--- Extracted entries Enclosed Below ---
(* Let $\mathfrak g$ be a Lie algebra with a classical $r$-matrix $R$. For every $A\in\mathcal U(\mathfrak g)$ there is a unique $A'\in\mathcal U(\mathfrak g_R)$ such that $$A=R_+(A'_{(1)})\,S_{\mathfrak g}\big(R_-(A'_{(2)})\big),$$ where $\Delta_{\mathfrak g_R}(A')=A'_{(1)}\otimes A'_{(2)}$ in Sweedler notation.
   Context: All vector spaces are finite dimensional over $\mathbb K=\mathbb R$ or $\mathbb C$. Let $\mathfrak g=(V,[\cdot,\cdot])$ be a Lie algebra. A classical $r$-matrix is a linear map $R:V\to V$ satisfying $[Rx,Ry]=R([Rx,y]+[x,Ry])-[x,y]$ for all $x,y$. Then $[x,y]_R:=\frac12([Rx,y]+[x,Ry])$ is a Lie bracket; $\mathfrak g_R:=(V,[\cdot,\cdot]_R)$. The maps $R_\pm:=\frac12(R\pm\mathrm{id})$ are Lie algebra morphisms $\mathfrak g_R\to\mathfrak g$, extended (same notation) to unital algebra morphisms $\mathcal U(\mathfrak g_R)\to\mathcal U(\mathfrak g)$. $\Delta_{\mathfrak g_R}$ is the coproduct of $\mathcal U(\mathfrak g_R)$ (elements of $V$ primitive); $S_{\mathfrak g}$ is the antipode of $\mathcal U(\mathfrak g)$, $S_{\mathfrak g}(x_1\cdots x_n)=(-1)^nx_n\cdots x_1$. *)

theory Defs
  imports Complex_Main
begin

text \<open>
  The Lie algebra is V = ('i => 'k) for a finite basis index type 'i
  (so dim V = CARD('i), arbitrary), with a bilinear Lie bracket br.
  The tensor algebra T(V) is realised as the free associative algebra on the basis:
  finitely supported functions 'i list => 'k (coefficient of each basis word).
  U(g) = T(V) / I_g, with I_g the two-sided ideal generated by x y - y x - [x,y];
  elements of U(g) are represented by elements of T(V), equality in U(g) is
  congruence modulo I_g.
\<close>

definition vbasis :: "'i \<Rightarrow> ('i \<Rightarrow> 'k::comm_ring_1)" where
  "vbasis i = (\<lambda>j. if j = i then 1 else 0)"

definition klinear :: "(('i \<Rightarrow> 'k::comm_ring_1) \<Rightarrow> ('j \<Rightarrow> 'k)) \<Rightarrow> bool" where
  "klinear f \<longleftrightarrow> (\<forall>x y. f (\<lambda>i. x i + y i) = (\<lambda>j. f x j + f y j)) \<and>
                  (\<forall>c x. f (\<lambda>i. c * x i) = (\<lambda>j. c * f x j))"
--- End of Enclosed Extracted entries ---
* _How to complete this task_
Where does "with" occur in the data? Copy each line that has it.

* _Output_
(* Let $\mathfrak g$ be a Lie algebra with a classical $r$-matrix $R$. For every $A\in\mathcal U(\mathfrak g)$ there is a unique $A'\in\mathcal U(\mathfrak g_R)$ such that $$A=R_+(A'_{(1)})\,S_{\mathfrak g}\big(R_-(A'_{(2)})\big),$$ where $\Delta_{\mathfrak g_R}(A')=A'_{(1)}\otimes A'_{(2)}$ in Sweedler notation.
  (so dim V = CARD('i), arbitrary), with a bilinear Lie bracket br.
  U(g) = T(V) / I_g, with I_g the two-sided ideal generated by x y - y x - [x,y];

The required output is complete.